Records drawn from a dataset
────────────────

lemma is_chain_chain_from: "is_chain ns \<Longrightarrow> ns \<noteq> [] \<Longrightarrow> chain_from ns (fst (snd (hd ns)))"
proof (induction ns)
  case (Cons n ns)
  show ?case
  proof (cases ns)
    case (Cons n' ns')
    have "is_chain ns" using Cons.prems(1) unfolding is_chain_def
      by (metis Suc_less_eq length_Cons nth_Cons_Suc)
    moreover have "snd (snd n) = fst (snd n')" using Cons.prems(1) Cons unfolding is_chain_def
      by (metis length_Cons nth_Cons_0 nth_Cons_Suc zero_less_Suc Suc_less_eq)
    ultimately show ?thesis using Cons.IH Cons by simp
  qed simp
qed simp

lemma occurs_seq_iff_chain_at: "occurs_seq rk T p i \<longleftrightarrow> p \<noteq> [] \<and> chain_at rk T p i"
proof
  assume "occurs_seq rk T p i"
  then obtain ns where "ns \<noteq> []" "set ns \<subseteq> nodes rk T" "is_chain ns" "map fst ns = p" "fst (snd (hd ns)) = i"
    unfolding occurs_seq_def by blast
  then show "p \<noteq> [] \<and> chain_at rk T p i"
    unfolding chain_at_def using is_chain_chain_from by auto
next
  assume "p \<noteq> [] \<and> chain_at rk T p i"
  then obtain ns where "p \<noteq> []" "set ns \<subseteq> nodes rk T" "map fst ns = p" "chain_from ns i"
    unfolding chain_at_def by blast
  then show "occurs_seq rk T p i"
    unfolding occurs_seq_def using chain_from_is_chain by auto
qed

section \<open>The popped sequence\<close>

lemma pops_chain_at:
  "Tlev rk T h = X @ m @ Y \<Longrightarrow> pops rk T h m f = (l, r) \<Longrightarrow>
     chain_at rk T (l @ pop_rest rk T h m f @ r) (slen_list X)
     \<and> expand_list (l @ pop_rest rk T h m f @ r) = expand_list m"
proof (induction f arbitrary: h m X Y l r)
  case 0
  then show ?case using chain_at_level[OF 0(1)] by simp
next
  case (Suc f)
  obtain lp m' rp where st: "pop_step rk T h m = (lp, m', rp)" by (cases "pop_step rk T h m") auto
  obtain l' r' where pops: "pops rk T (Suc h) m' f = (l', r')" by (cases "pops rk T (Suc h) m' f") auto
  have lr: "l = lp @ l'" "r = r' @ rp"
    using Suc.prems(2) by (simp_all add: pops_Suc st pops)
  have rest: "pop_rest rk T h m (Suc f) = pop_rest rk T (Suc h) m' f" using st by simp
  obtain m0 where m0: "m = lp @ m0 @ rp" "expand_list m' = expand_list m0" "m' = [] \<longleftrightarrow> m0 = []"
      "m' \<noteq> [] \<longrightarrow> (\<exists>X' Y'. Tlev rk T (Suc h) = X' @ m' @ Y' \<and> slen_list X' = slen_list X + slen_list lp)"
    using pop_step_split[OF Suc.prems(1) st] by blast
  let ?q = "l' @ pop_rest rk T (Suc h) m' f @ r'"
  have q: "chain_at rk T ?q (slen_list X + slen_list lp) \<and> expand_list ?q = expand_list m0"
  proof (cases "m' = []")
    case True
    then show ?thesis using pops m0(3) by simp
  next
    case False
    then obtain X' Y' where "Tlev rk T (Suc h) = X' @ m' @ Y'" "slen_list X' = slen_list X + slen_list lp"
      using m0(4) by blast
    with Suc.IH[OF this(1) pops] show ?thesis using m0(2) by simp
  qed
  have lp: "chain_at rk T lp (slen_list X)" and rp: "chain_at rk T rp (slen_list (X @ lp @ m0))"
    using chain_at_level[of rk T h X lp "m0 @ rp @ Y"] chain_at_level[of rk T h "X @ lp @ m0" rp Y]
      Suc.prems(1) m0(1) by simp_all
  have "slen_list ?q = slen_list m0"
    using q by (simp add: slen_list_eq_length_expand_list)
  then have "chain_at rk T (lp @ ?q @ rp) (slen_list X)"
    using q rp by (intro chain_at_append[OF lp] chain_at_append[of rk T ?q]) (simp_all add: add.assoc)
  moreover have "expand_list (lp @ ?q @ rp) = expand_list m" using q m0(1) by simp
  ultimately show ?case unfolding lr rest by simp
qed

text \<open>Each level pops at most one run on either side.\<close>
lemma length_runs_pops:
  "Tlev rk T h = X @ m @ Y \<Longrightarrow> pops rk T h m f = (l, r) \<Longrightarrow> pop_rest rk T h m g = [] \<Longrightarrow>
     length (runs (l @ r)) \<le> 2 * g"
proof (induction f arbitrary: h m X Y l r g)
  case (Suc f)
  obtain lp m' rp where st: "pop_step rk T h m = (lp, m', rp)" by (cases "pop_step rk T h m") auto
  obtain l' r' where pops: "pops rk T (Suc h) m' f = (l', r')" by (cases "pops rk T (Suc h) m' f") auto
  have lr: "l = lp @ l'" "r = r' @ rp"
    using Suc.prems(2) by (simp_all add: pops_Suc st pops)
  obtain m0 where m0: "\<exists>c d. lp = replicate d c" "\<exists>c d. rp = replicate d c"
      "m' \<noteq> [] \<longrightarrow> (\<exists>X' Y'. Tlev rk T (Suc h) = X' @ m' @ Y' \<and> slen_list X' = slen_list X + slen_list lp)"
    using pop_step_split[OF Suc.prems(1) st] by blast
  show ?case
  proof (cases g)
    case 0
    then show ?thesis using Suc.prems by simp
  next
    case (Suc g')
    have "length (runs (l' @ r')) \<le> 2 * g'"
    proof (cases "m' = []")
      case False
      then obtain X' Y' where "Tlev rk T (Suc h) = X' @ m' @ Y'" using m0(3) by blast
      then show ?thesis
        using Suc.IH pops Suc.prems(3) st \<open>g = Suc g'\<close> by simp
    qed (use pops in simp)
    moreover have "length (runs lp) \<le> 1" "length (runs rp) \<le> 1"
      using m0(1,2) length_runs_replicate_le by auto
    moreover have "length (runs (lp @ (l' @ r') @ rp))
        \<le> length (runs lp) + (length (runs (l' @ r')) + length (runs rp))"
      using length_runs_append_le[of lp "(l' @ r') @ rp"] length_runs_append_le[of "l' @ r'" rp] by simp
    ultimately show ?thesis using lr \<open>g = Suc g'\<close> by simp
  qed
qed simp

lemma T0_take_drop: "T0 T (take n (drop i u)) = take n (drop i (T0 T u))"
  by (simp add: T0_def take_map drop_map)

────────────────

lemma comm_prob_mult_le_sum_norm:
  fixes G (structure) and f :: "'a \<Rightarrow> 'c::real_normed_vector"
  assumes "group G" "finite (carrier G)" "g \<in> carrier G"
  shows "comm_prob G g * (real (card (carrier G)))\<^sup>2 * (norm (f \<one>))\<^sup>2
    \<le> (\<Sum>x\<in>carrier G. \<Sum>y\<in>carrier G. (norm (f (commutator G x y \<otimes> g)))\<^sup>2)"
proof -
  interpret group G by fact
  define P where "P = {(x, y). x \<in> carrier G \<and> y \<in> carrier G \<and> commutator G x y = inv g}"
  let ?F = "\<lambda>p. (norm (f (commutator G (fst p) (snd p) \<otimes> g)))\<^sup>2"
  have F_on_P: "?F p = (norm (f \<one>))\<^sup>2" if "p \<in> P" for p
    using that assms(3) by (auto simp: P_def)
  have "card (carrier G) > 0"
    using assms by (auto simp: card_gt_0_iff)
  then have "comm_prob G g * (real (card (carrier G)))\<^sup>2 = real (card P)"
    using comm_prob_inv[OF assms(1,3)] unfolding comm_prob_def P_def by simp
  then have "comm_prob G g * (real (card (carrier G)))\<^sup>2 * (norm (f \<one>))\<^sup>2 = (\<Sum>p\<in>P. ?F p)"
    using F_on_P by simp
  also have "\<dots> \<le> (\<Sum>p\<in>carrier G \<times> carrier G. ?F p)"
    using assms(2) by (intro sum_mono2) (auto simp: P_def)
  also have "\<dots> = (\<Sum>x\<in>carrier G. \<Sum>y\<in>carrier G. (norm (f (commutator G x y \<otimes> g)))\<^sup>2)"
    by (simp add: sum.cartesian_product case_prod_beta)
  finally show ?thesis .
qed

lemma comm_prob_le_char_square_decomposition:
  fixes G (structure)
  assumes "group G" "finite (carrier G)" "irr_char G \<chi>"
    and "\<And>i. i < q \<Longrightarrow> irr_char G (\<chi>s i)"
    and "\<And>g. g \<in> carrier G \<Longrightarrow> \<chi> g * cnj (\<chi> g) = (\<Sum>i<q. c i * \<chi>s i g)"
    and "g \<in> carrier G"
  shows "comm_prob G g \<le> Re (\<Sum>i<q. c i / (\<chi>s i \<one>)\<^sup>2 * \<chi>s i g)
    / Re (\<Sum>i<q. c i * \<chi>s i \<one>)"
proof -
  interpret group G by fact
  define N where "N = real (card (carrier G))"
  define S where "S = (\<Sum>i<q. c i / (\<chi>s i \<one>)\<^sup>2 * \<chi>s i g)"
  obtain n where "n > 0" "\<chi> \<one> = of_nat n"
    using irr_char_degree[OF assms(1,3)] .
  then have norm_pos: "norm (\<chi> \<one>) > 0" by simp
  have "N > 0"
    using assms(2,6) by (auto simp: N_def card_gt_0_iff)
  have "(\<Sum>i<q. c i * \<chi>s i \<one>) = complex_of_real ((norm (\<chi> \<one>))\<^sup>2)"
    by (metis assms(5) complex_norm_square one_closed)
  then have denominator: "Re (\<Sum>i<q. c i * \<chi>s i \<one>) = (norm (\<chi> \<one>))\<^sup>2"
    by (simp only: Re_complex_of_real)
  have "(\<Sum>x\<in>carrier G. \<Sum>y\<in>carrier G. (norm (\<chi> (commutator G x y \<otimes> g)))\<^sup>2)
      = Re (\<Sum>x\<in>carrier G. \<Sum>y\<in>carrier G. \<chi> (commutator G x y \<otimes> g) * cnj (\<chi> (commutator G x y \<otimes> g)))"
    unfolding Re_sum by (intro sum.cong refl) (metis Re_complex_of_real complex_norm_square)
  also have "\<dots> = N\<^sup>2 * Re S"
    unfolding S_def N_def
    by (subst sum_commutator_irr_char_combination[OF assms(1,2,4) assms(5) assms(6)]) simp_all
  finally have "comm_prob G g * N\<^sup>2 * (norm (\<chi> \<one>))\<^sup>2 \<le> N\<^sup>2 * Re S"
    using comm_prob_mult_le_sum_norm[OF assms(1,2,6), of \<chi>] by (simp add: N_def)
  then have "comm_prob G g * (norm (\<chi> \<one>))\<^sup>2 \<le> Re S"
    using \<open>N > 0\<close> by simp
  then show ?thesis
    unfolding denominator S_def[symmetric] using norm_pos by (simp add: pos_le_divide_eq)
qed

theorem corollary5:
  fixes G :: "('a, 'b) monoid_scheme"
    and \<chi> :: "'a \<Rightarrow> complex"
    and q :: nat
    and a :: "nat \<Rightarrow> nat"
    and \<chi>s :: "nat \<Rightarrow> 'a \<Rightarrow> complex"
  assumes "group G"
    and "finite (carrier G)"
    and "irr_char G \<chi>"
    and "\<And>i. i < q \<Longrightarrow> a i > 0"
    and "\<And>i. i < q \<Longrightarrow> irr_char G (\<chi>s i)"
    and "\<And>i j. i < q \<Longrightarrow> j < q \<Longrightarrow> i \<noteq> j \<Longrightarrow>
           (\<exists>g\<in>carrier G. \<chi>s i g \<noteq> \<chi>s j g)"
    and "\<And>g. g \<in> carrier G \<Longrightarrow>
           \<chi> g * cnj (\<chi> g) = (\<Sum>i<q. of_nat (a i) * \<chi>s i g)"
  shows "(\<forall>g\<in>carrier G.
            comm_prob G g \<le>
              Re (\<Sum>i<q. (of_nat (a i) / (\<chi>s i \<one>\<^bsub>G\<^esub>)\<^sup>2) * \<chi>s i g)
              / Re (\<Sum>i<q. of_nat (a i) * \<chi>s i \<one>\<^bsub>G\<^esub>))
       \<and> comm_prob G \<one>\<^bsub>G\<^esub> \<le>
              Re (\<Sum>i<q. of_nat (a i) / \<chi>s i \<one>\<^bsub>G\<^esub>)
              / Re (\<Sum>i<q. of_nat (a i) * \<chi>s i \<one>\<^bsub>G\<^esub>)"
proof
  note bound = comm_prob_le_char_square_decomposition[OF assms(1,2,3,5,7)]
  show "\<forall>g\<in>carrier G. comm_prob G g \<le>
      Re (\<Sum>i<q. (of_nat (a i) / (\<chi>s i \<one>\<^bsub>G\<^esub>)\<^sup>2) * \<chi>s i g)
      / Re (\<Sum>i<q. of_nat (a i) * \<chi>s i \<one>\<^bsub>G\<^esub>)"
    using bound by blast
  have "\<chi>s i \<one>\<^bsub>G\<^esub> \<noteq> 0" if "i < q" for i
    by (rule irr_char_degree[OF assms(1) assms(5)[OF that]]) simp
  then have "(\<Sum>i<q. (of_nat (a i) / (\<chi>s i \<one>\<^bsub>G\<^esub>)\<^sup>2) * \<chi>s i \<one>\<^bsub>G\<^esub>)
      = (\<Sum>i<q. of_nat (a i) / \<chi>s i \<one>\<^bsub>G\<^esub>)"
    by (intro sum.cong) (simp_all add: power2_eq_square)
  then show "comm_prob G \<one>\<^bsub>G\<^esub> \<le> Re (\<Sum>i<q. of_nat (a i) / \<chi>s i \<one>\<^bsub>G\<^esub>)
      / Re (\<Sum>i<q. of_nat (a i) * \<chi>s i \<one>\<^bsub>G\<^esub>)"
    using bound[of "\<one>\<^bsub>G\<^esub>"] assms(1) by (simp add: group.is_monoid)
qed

────────────────

▶ _Task directions_
Scan the records above for the lines holding "using q rp by" and "qed (use pops in simp)". Transcribe those two and every line between them word for word, and no others.

▶ _Answer section_
    using q rp by (intro chain_at_append[OF lp] chain_at_append[of rk T ?q]) (simp_all add: add.assoc)
  moreover have "expand_list (lp @ ?q @ rp) = expand_list m" using q m0(1) by simp
  ultimately show ?case unfolding lr rest by simp
qed

text \<open>Each level pops at most one run on either side.\<close>
lemma length_runs_pops:
  "Tlev rk T h = X @ m @ Y \<Longrightarrow> pops rk T h m f = (l, r) \<Longrightarrow> pop_rest rk T h m g = [] \<Longrightarrow>
     length (runs (l @ r)) \<le> 2 * g"
proof (induction f arbitrary: h m X Y l r g)
  case (Suc f)
  obtain lp m' rp where st: "pop_step rk T h m = (lp, m', rp)" by (cases "pop_step rk T h m") auto
  obtain l' r' where pops: "pops rk T (Suc h) m' f = (l', r')" by (cases "pops rk T (Suc h) m' f") auto
  have lr: "l = lp @ l'" "r = r' @ rp"
    using Suc.prems(2) by (simp_all add: pops_Suc st pops)
  obtain m0 where m0: "\<exists>c d. lp = replicate d c" "\<exists>c d. rp = replicate d c"
      "m' \<noteq> [] \<longrightarrow> (\<exists>X' Y'. Tlev rk T (Suc h) = X' @ m' @ Y' \<and> slen_list X' = slen_list X + slen_list lp)"
    using pop_step_split[OF Suc.prems(1) st] by blast
  show ?case
  proof (cases g)
    case 0
    then show ?thesis using Suc.prems by simp
  next
    case (Suc g')
    have "length (runs (l' @ r')) \<le> 2 * g'"
    proof (cases "m' = []")
      case False
      then obtain X' Y' where "Tlev rk T (Suc h) = X' @ m' @ Y'" using m0(3) by blast
      then show ?thesis
        using Suc.IH pops Suc.prems(3) st \<open>g = Suc g'\<close> by simp
    qed (use pops in simp)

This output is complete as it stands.